(* For every finite tuple $(b_1,\dots,b_k)$ of elements of $\mathbb{S}$ there is $g\in\mathrm{Aut}(\mathbb{S})$ such that the set of columns meeting $\{b_1,\dots,b_k\}$ and the set of columns meeting $\{g(b_1),\dots,g(b_k)\}$ are disjoint.
   Context: Directed graphs are simple and loopless ($x\to y$ denotes a directed edge, at most one direction between two distinct vertices). $\mathcal{S}$ is the class of finite such graphs in which $x\perp y:\Leftrightarrow\neg(x\to y\vee y\to x)$ is an equivalence relation (its classes are called columns) and satisfying the parity condition: for $x_1\neq x_2$, $y_1\neq y_2$ with $x_1\perp x_2$, $y_1\perp y_2$, the number of directed edges from $\{x_1,x_2\}$ to $\{y_1,y_2\}$ is even. $\mathbb{S}$ (the semigeneric directed graph) is the Fraïssé limit of $\mathcal{S}$, i.e. the countable homogeneous directed graph whose finite induced substructures are exactly the members of $\mathcal{S}$ up to isomorphism. *)

theory Defs
  imports Main "HOL-Library.Countable_Set"
begin

definition perp :: "('a \<Rightarrow> 'a \<Rightarrow> bool) \<Rightarrow> 'a \<Rightarrow> 'a \<Rightarrow> bool" where
  "perp E x y \<longleftrightarrow> \<not> (E x y \<or> E y x)"

definition simple_digraph_on :: "'a set \<Rightarrow> ('a \<Rightarrow> 'a \<Rightarrow> bool) \<Rightarrow> bool" where
  "simple_digraph_on A E \<longleftrightarrow>
     (\<forall>x\<in>A. \<not> E x x) \<and> (\<forall>x\<in>A. \<forall>y\<in>A. \<not> (E x y \<and> E y x))"

definition in_class_S :: "'a set \<Rightarrow> ('a \<Rightarrow> 'a \<Rightarrow> bool) \<Rightarrow> bool" where
  "in_class_S A E \<longleftrightarrow>
     finite A \<and> simple_digraph_on A E \<and>
     (\<forall>x\<in>A. perp E x x) \<and>
     (\<forall>x\<in>A. \<forall>y\<in>A. perp E x y \<longrightarrow> perp E y x) \<and>
     (\<forall>x\<in>A. \<forall>y\<in>A. \<forall>z\<in>A. perp E x y \<longrightarrow> perp E y z \<longrightarrow> perp E x z) \<and>
     (\<forall>x1\<in>A. \<forall>x2\<in>A. \<forall>y1\<in>A. \<forall>y2\<in>A.
        x1 \<noteq> x2 \<longrightarrow> y1 \<noteq> y2 \<longrightarrow> perp E x1 x2 \<longrightarrow> perp E y1 y2 \<longrightarrow>
        even (card {(x, y). x \<in> {x1, x2} \<and> y \<in> {y1, y2} \<and> E x y}))"
lemma card_Diff_Union_image:
  assumes "finite (N v)" "card (N v) = D"
  shows "card (N v - \<Union>(N ` A)) = D - card (N v \<inter> \<Union>(N ` A))"
  using assms by (simp add: card_Diff_subset_Int)

lemma card_Union_image_attached_le:
  assumes reg: "\<forall>v\<in>B. finite (N v) \<and> card (N v) = D" "\<forall>v\<in>A. card (N v) = D"
    and fin: "finite A" "finite B" and att: "\<forall>b\<in>B. attached N D A b"
  shows "4 * card (\<Union>(N ` (A \<union> B))) + card B \<le> 4 * D * card A + 3 * D * card B"
proof -
  have "\<Union>(N ` (A \<union> B)) = \<Union>(N ` A) \<union> (\<Union>v\<in>B. N v - \<Union>(N ` A))" by blast
  hence "card (\<Union>(N ` (A \<union> B))) \<le> card (\<Union>(N ` A)) + card (\<Union>v\<in>B. N v - \<Union>(N ` A))"
    by (simp only: card_Un_le)
  also have "\<dots> \<le> card (\<Union>(N ` A)) + (\<Sum>v\<in>B. card (N v - \<Union>(N ` A)))"
    by (intro add_left_mono card_UN_le fin(2))
  finally have "card (\<Union>(N ` (A \<union> B))) \<le> card (\<Union>(N ` A)) + (\<Sum>v\<in>B. card (N v - \<Union>(N ` A)))" .
  moreover have "card (\<Union>(N ` A)) \<le> D * card A" using card_Union_image_le[OF fin(1)] reg(2) .
  moreover have "4 * card (N v - \<Union>(N ` A)) + 1 \<le> 3 * D" if "v \<in> B" for v
  proof -
    have v: "finite (N v)" "card (N v) = D" "attached N D A v" using that reg(1) att by auto
    have "card (N v \<inter> \<Union>(N ` A)) \<le> D" using v card_mono[of "N v"] by (metis Int_lower1)
    thus ?thesis using v card_Diff_Union_image[of N v D A] unfolding attached_def by linarith
  qed
  hence "(\<Sum>v\<in>B. 4 * card (N v - \<Union>(N ` A)) + 1) \<le> (\<Sum>v\<in>B. 3 * D)"
    by (rule sum_mono)
  hence "4 * (\<Sum>v\<in>B. card (N v - \<Union>(N ` A))) + card B \<le> 3 * D * card B"
    unfolding sum.distrib sum_distrib_left[symmetric] by (simp add: mult_ac)
  ultimately show ?thesis by linarith
qed
lemma projected_inverse_eigen_iff:
  assumes x: "x \<in> L"
  shows "orth_proj J (T ` L) (shifted_inverse D A a (T x)) = m *\<^sub>R T x \<longleftrightarrow>
    (\<forall>y\<in>L. cinner J y x = complex_of_real m * cinner J (T y) (T x))"
proof -
  let ?g = "shifted_inverse D A a (T x)"
  have inner_g: "cinner J (T y) ?g = cinner J y x" if "y \<in> L" for y
    using cinner_root_shifted_inverse_root x that L_subset by blast
  show ?thesis
  proof
    assume "orth_proj J (T ` L) ?g = m *\<^sub>R T x"
    then show "\<forall>y\<in>L. cinner J y x = complex_of_real m * cinner J (T y) (T x)"
      using orth_proj_orthogonal[OF root_image_csubspace root_image_finite_dim, of ?g] inner_g
      by (simp add: cinner_diff_right cinner_scaleR_right)
  next
    assume "\<forall>y\<in>L. cinner J y x = complex_of_real m * cinner J (T y) (T x)"
    then show "orth_proj J (T ` L) ?g = m *\<^sub>R T x"
      using x inner_g subspace_scale[OF csubspace_imp_subspace[OF root_image_csubspace]]
      by (intro orth_proj_eqI csubspace_imp_subspace[OF root_image_csubspace])
        (auto simp: cinner_diff_right cinner_scaleR_right)
  qed
qed

lemma eigenvector_correspondence:
  assumes la: "l \<noteq> a"
  shows "(\<exists>x\<in>L. x \<noteq> 0 \<and> form_compression J T a L x = l *\<^sub>R x) \<longleftrightarrow>
    (\<exists>g\<in>T ` L. g \<noteq> 0 \<and> orth_proj J (T ` L) (shifted_inverse D A a g) = inverse (l - a) *\<^sub>R g)"
proof -
  have "form_compression J T a L x = l *\<^sub>R x \<longleftrightarrow>
      orth_proj J (T ` L) (shifted_inverse D A a (T x)) = inverse (l - a) *\<^sub>R T x" if x: "x \<in> L" for x
  proof -
    have "u = complex_of_real (l - a) * v \<longleftrightarrow> v = complex_of_real (inverse (l - a)) * u" for u v
      using la by (auto simp: field_simps)
    then show ?thesis
      unfolding form_compression_eigen_iff[OF x] projected_inverse_eigen_iff[OF x] by simp
  qed
  moreover have "T x \<noteq> 0 \<longleftrightarrow> x \<noteq> 0" if "x \<in> L" for x
    using root_eq_0_iff that L_subset by blast
  ultimately show ?thesis
    by (auto simp: image_iff)
qed
lemma abs_le_anorm: "i < N \<Longrightarrow> \<bar>z i\<bar> \<le> anorm N z"
  using member_le_L2_set[of "{..<N}" i "\<lambda>i. \<bar>z i\<bar>"] by (simp add: anorm_eq_L2_set L2_set_def)

lemma sum_mult_le_anorm: "(\<Sum>i<N. u i * z i) \<le> anorm N u * anorm N z"
proof -
  have "(\<Sum>i<N. u i * z i) \<le> (\<Sum>i<N. \<bar>u i\<bar> * \<bar>z i\<bar>)"
    by (intro sum_mono) (simp add: abs_mult[symmetric])
  also have "\<dots> \<le> anorm N u * anorm N z"
    unfolding anorm_eq_L2_set by (rule L2_set_mult_ineq)
  finally show ?thesis .
qed

lemma sum_two_rho: "m \<le> N \<Longrightarrow> (\<Sum>i<m. two_rho N i) = real m * (real N - real m)"
  by (induction m) (simp_all add: two_rho_def algebra_simps)

lemma two_rho_in_afrak: "two_rho N \<in> afrak N"
  using sum_two_rho[of N N] by (simp add: afrak_def two_rho_def)

lemma two_rho_gap: "i < j \<Longrightarrow> j < N \<Longrightarrow> two_rho N j + 2 \<le> two_rho N i"
  by (simp add: two_rho_def)

lemma block_decreasing_two_rho: "block_decreasing ns (two_rho (sum_list ns))"
  unfolding block_decreasing_def using same_blk_less two_rho_gap by (smt (verit))

lemma rho_norm_nonneg: "0 \<le> rho_norm N"
  by (simp add: rho_norm_def anorm_eq_L2_set)

lemma rho_norm_sq: "(rho_norm N)\<^sup>2 = (\<Sum>i<N. (two_rho N i)\<^sup>2)"
proof -
  have "0 \<le> (\<Sum>i<N. (two_rho N i)\<^sup>2)"
    by (intro sum_nonneg) simp
  then show ?thesis by (simp add: rho_norm_def anorm_def)
qed

lemma one_le_rho_norm_sq: "2 \<le> N \<Longrightarrow> 1 \<le> (rho_norm N)\<^sup>2"
proof -
  assume N: "2 \<le> N"
  then have "1 \<le> two_rho N 0"
    by (simp add: two_rho_def)
  then have "1 \<le> (two_rho N 0)\<^sup>2"
    by (rule one_le_power)
  also have "\<dots> \<le> (\<Sum>i<N. (two_rho N i)\<^sup>2)"
    using N by (intro member_le_sum) auto
  finally show ?thesis by (simp add: rho_norm_sq)
qed

lemma rho_norm_pos: "2 \<le> N \<Longrightarrow> 0 < rho_norm N"
  using one_le_rho_norm_sq[of N] rho_norm_nonneg[of N] by (cases "rho_norm N = 0") auto

lemma two_rho_dot_le: "(\<Sum>i<N. two_rho N i * z i) \<le> rho_norm N * anorm N z"
  unfolding rho_norm_def by (rule sum_mult_le_anorm)

text \<open>Write $2\rho = u + c\,\mathbf{1}_{[0,m)}$ with $c = N - m$: the second part pairs
  negatively with $z$, and $|u|^2 = |2\rho|^2 - m c^2 \le |2\rho|^2 - 1$.\<close>

lemma two_rho_dot_le_of_neg_partial_sum:
  assumes z: "z \<in> afrak N" and m: "m \<le> N" and neg: "(\<Sum>i<m. z i) < 0"
  shows "(\<Sum>i<N. two_rho N i * z i) \<le> sqrt ((rho_norm N)\<^sup>2 - 1) * anorm N z"
proof -
  have "m \<noteq> N"
    using z neg by (auto simp: afrak_def)
  moreover have "m \<noteq> 0"
    using neg by (cases "m = 0") auto
  ultimately have m_less: "m < N" and m_pos: "1 \<le> m"
    using m by auto
  define c where "c = real N - real m"
  define u where "u i = two_rho N i - (if i < m then c else 0)" for i
  have restrict: "(\<Sum>i<N. if i < m then f i else 0) = (\<Sum>i<m. f i)" for f :: "nat \<Rightarrow> real"
    using m by (simp add: sum.inter_filter[symmetric] lessThan_def) (metis order.strict_trans2)
  have "(\<Sum>i<N. two_rho N i * z i) = (\<Sum>i<N. u i * z i + (if i < m then c * z i else 0))"
    by (intro sum.cong refl) (simp add: u_def algebra_simps)
  also have "\<dots> = (\<Sum>i<N. u i * z i) + c * (\<Sum>i<m. z i)"
    by (simp add: sum.distrib restrict sum_distrib_left)
  also have "\<dots> \<le> (\<Sum>i<N. u i * z i)"
    using neg m by (simp add: c_def mult_nonneg_nonpos)
  also have "\<dots> \<le> anorm N u * anorm N z"
    by (rule sum_mult_le_anorm)
  also have "anorm N u \<le> sqrt ((rho_norm N)\<^sup>2 - 1)"
  proof -
    have "1 \<le> c" using m_less by (simp add: c_def)
    then have c_bound: "1 \<le> real m * c\<^sup>2"
      using m_pos by (metis mult_mono' mult_1 one_le_power zero_le_one of_nat_1 of_nat_mono)
    have "(\<Sum>i<N. (u i)\<^sup>2)
        = (\<Sum>i<N. (two_rho N i)\<^sup>2 + (if i < m then c\<^sup>2 - 2 * c * two_rho N i else 0))"
      by (intro sum.cong refl) (simp add: u_def power2_eq_square algebra_simps)
    also have "\<dots> = (rho_norm N)\<^sup>2 + (real m * c\<^sup>2 - 2 * c * (\<Sum>i<m. two_rho N i))"
      by (simp add: rho_norm_sq sum.distrib restrict sum_subtractf sum_distrib_left)
    also have "\<dots> = (rho_norm N)\<^sup>2 - real m * c\<^sup>2"
      unfolding sum_two_rho[OF m] by (simp add: c_def power2_eq_square algebra_simps)
    finally show ?thesis
      using c_bound unfolding anorm_def by (intro real_sqrt_le_mono) linarith
  qed
  then have "anorm N u * anorm N z \<le> sqrt ((rho_norm N)\<^sup>2 - 1) * anorm N z"
    by (rule mult_right_mono) (simp add: anorm_eq_L2_set)
  finally show ?thesis .
qed
definition absorbing_set :: "(real \<Rightarrow> 'a::metric_space \<Rightarrow> 'a) \<Rightarrow> 'a set \<Rightarrow> bool" where
  "absorbing_set S B0 \<longleftrightarrow> closed B0 \<and> bounded B0 \<and>
     (\<forall>B. bounded B \<longrightarrow> (\<exists>t0. \<forall>t\<ge>t0. S t ` B \<subseteq> B0))"

definition dissipative :: "(real \<Rightarrow> 'a::metric_space \<Rightarrow> 'a) \<Rightarrow> bool" where
  "dissipative S \<longleftrightarrow> semigroup S \<and> (\<exists>B0. absorbing_set S B0)"

definition positively_invariant :: "(real \<Rightarrow> 'a \<Rightarrow> 'a) \<Rightarrow> 'a set \<Rightarrow> bool" where
  "positively_invariant S B0 \<longleftrightarrow> (\<forall>t\<ge>0. S t ` B0 \<subseteq> B0)"

definition kuratowski :: "'a::metric_space set \<Rightarrow> real" where
  "kuratowski B = Inf {\<delta>. \<delta> > 0 \<and> (\<exists>F. finite F \<and> B \<subseteq> \<Union>F \<and>
        (\<forall>A\<in>F. bounded A \<and> diameter A < \<delta>))}"

definition exp_decaying :: "(real \<Rightarrow> 'a::metric_space \<Rightarrow> 'a) \<Rightarrow> 'a set \<Rightarrow> bool" where
  "exp_decaying S B0 \<longleftrightarrow> dissipative S \<and> absorbing_set S B0 \<and> positively_invariant S B0 \<and>
     (\<exists>t0>0. \<exists>C>0. \<exists>\<beta>>0. \<forall>t\<ge>t0. kuratowski (S t ` B0) \<le> C * exp (- \<beta> * t))"

definition pseudometric_on :: "'a set \<Rightarrow> ('a \<Rightarrow> 'a \<Rightarrow> real) \<Rightarrow> bool" where
  "pseudometric_on B r \<longleftrightarrow>
     (\<forall>x\<in>B. \<forall>y\<in>B. r x y \<ge> 0 \<and> r x y = r y x) \<and> (\<forall>x\<in>B. r x x = 0) \<and>
     (\<forall>x\<in>B. \<forall>y\<in>B. \<forall>z\<in>B. r x z \<le> r x y + r y z)"

definition precompact_on :: "'a set \<Rightarrow> ('a \<Rightarrow> 'a \<Rightarrow> real) \<Rightarrow> bool" where
  "precompact_on B r \<longleftrightarrow>
     (\<forall>s. range s \<subseteq> B \<longrightarrow> (\<exists>h::nat\<Rightarrow>nat. strict_mono h \<and>
        (\<forall>\<epsilon>>0. \<exists>N. \<forall>m\<ge>N. \<forall>n\<ge>N. r (s (h m)) (s (h n)) < \<epsilon>)))"

text \<open>Real power with the convention b^0 = 1 (also for b = 0).\<close>
definition rpow :: "real \<Rightarrow> real \<Rightarrow> real" where
  "rpow b x = (if x = 0 then 1 else b powr x)"

end

theory Submission
  imports Defs
begin
(* Let $f \in L^\infty([-\pi,\pi])$ have real Fourier coefficients, and suppose there is $\delta>0$ with $\delta \le |f(\theta)|$ for all $\theta\in[-\pi,\pi]$. Let $\widetilde f := f/|f|$. For each $n$: <ul> <li>let $A_n(f)$, $A_n(\widetilde f)$ and $A_M := A_n(|f|)$ be the $n\times n$ Toeplitz matrices generated by $f$, $\widetilde f$ and $|f|$ respectively;</li> <li>let $Y_n$ be the $n\times n$ exchange matrix;</li> <li>define $E_n$ by \[A_M^{-1} Y_n A_n(f) = Y_n A_n(\widetilde f) + E_n.\]</li> </ul> Then $\|E_n\|_2 = o(n)$ as $n\to\infty$. Moreover, for every $n$ all eigenvalues of the symmetric matrix $Y_n A_n(\widetilde f)$ lie in $[-1,1]$.
   Context: For $g\in L^1([-\pi,\pi])$, $A_n(g)$ denotes the $n\times n$ Toeplitz matrix whose $(i,j)$ entry is $\frac{1}{2\pi}\int_{-\pi}^{\pi} g(\theta)e^{-\mathrm{i}(i-j)\theta}\,d\theta$. The exchange matrix $Y_n$ has $(Y_n)_{ij}=1$ if $i+j=n+1$ and $0$ otherwise. $\|\cdot\|_2$ is the spectral norm. *)

theory Defs
  imports "HOL-Analysis.Analysis" "HOL-Library.Landau_Symbols"
    "Jordan_Normal_Form.Matrix" "Jordan_Normal_Form.Char_Poly"
    "Jordan_Normal_Form.Gauss_Jordan_Elimination"
begin

definition fourier_coeff :: "(real \<Rightarrow> complex) \<Rightarrow> int \<Rightarrow> complex" where
  "fourier_coeff g k =
     complex_of_real (1 / (2 * pi)) *
     (LINT t:{-pi..pi}|lborel. g t * exp (- (\<i> * of_int k * complex_of_real t)))"

definition toeplitz :: "nat \<Rightarrow> (real \<Rightarrow> complex) \<Rightarrow> complex mat" where
  "toeplitz n g = mat n n (\<lambda>(i, j). fourier_coeff g (int i - int j))"

definition exchange :: "nat \<Rightarrow> complex mat" where
  "exchange n = mat n n (\<lambda>(i, j). if i + j + 1 = n then 1 else 0)"

definition vnorm :: "complex vec \<Rightarrow> real" where
  "vnorm x = sqrt (\<Sum>i<dim_vec x. (cmod (x $ i))\<^sup>2)"

definition spec_norm :: "complex mat \<Rightarrow> real" where
  "spec_norm A = Sup {vnorm (A *\<^sub>v x) | x. x \<in> carrier_vec (dim_col A) \<and> vnorm x \<le> 1}"

end

(*
  For x in C^n let P_x(t) = sum_j x_j e^(ijt). Then y^* A_n(g) x = (1/2pi) int g P_x conj(P_y)
  over [-pi, pi], and for g = 1 this is Parseval's identity |x|^2 = (1/2pi) int |P_x|^2.
  Hence ||A_n(g)||_2 <= ||g||_oo, and x^* A_n(|f|) x >= delta |x|^2, so A_n(|f|) is invertible
  with ||A_n(|f|)^(-1)||_2 <= 1/delta.  As Y_n is unitary, ||E_n||_2 <= ||f||_oo/delta + 1 for
  every n, which is much stronger than o(n).

  The Fourier coefficients of g are real iff g(-t) = conj(g(t)) almost everywhere.  The nontrivial
  direction is the uniqueness theorem for Fourier coefficients, proved by approximating indicators
  of intervals boundedly by trigonometric polynomials in cos(t - s) (Bernstein polynomials).  The
  symmetry passes from f to f/|f|, so the entries c_(n-1-i-j) of Y_n A_n(f/|f|) are real and
  symmetric in i, j: the matrix is Hermitian of norm at most 1, hence its eigenvalues are real and
  lie in [-1, 1].
*)
theory Submission
  imports Defs "HOL-Real_Asymp.Real_Asymp"
begin

no_notation Finite_Cartesian_Product.vec_nth (infixl "$" 90)

section \<open>Uniqueness of Fourier coefficients\<close>

lemma set_integrable_mult_continuous:
  fixes g h :: "real \<Rightarrow> 'a::{real_normed_field, banach, second_countable_topology}"
  assumes g: "set_integrable lborel {a..b} g" and h: "continuous_on {a..b} h"
  shows "set_integrable lborel {a..b} (\<lambda>t. g t * h t)"
proof -
  obtain C where C: "\<And>t. t \<in> {a..b} \<Longrightarrow> norm (h t) \<le> C"
    using compact_imp_bounded[OF compact_continuous_image[OF h compact_Icc]]
    unfolding bounded_iff by blast
  have "set_borel_measurable lborel {a..b} g"
    using g unfolding set_integrable_def set_borel_measurable_def by simp
  moreover have "set_borel_measurable lborel {a..b} h"
    using set_measurable_continuous_on[OF _ h] by (simp add: set_borel_measurable_def)
  ultimately have "set_borel_measurable lborel {a..b} (\<lambda>t. g t * h t)"
    unfolding set_borel_measurable_def
    by (rule borel_measurable_times[THEN measurable_cong[THEN iffD1, rotated]])
       (auto simp: indicator_def)
  moreover have "AE t in lborel. t \<in> {a..b} \<longrightarrow> norm (g t * h t) \<le> norm (of_real C * g t)"
  proof (intro AE_I2 impI)
    fix t assume "t \<in> {a..b}"
    then have "norm (g t) * norm (h t) \<le> norm (g t) * \<bar>C\<bar>"
      using C[of t] by (intro mult_left_mono) auto
    then show "norm (g t * h t) \<le> norm (of_real C * g t)"
      by (simp add: norm_mult mult.commute)
  qed
  ultimately show ?thesis
    by (rule set_integrable_bound[rotated]) (use g in simp)
qed

lemma set_integrable_sum:
  fixes f :: "'i \<Rightarrow> 'a \<Rightarrow> 'b::{banach, second_countable_topology}"
  assumes "\<And>i. i \<in> I \<Longrightarrow> set_integrable M A (f i)"
  shows "set_integrable M A (\<lambda>t. \<Sum>i\<in>I. f i t)"
  using assms unfolding set_integrable_def by (simp add: scaleR_sum_right)

lemma set_integral_sum:
  fixes f :: "'i \<Rightarrow> 'a \<Rightarrow> 'b::{banach, second_countable_topology}"
  assumes "\<And>i. i \<in> I \<Longrightarrow> set_integrable M A (f i)"
  shows "(LINT t:A|M. (\<Sum>i\<in>I. f i t)) = (\<Sum>i\<in>I. LINT t:A|M. f i t)"
  using assms unfolding set_lebesgue_integral_def set_integrable_def
  by (simp add: scaleR_sum_right)

lemma integral_eq_0_if_interval_integrals_eq_0:
  fixes u :: "real \<Rightarrow> 'a::{banach, second_countable_topology}"
  assumes u: "integrable lborel u" and intervals: "\<And>a b. (LBINT t:{a<..<b}. u t) = 0"
  shows "(\<integral>t. u t \<partial>lborel) = 0"
proof -
  have "x \<in> (\<Union>m. {- real m<..<real m})" for x :: real
  proof -
    obtain m where "\<bar>x\<bar> < real m"
      using reals_Archimedean2 by blast
    then show ?thesis
      by (intro UN_I[of m]) auto
  qed
  then have UN: "(\<Union>m. {- real m<..<real m}) = UNIV"
    by blast
  have "(\<lambda>m. LBINT t:{- real m<..<real m}. u t) \<longlonglongrightarrow> (LBINT t:(\<Union>m. {- real m<..<real m}). u t)"
    using u by (intro set_integral_cont_up) (auto simp: incseq_def set_integrable_def UN)
  then show ?thesis
    using intervals UN by (simp add: LIMSEQ_const_iff set_lebesgue_integral_def)
qed
(* Let $G$ be a graph with no isolated vertex and let $H$ be a nontrivial graph (i.e., of order at least two) such that $\gamma_I(H)\ne 3$ or $\gamma(H)\ne 3$. Then: (i) if $\gamma(H)=1$, then $\gamma_I(G\circ H)=\gamma_{(2,1,0)}(G)$; (ii) if $\gamma_2(H)=\gamma(H)=2$, then $\gamma_I(G\circ H)=\gamma_{(2,2,0)}(G)$; (iii) if $\gamma_2(H)>\gamma(H)=2$, then $\gamma_I(G\circ H)=\gamma_{(2,2,1)}(G)$; (iv) if $\gamma(H)\ge 3$, then $\gamma_I(G\circ H)=\gamma_{(2,2,2)}(G)$.
   Context: All graphs are finite and simple; $N(v)$ denotes the open neighbourhood of a vertex $v$. For an integer $l\ge1$ and a vector $w=(w_0,\dots,w_l)$ of nonnegative integers with $w_0\ge 1$, a function $f:V(G)\to\{0,1,\dots,l\}$ is a $w$-dominating function on $G$ if $\sum_{u\in N(v)}f(u)\ge w_i$ for every vertex $v$ with $f(v)=i$ ($i=0,\dots,l$). The weight of $f$ is $\omega(f)=\sum_{v\in V(G)}f(v)$, and the $w$-domination number $\gamma_w(G)=\gamma_{(w_0,\dots,w_l)}(G)$ is the minimum weight of a $w$-dominating function on $G$. The Italian domination number is $\gamma_I(G)=\gamma_{(2,0,0)}(G)$, i.e., the minimum weight of $f:V(G)\to\{0,1,2\}$ with $\sum_{u\in N(v)}f(u)\ge 2$ for every $v$ with $f(v)=0$. $\gamma(H)$ is the domination number of $H$, and $\gamma_2(H)$ is the $2$-domination number: the minimum cardinality of a set $S\subseteq V(H)$ such that every vertex not in $S$ has at least two neighbours in $S$. The lexicographic product $G\circ H$ has vertex set $V(G)\times V(H)$, with $(u,v)(x,y)$ an edge iff $ux\in E(G)$, or $u=x$ and $vy\in E(H)$. *)

theory Defs
  imports Main
begin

To do
Answer with a number only. How many lines in the records include the word "dissipative"?

Exercise response
3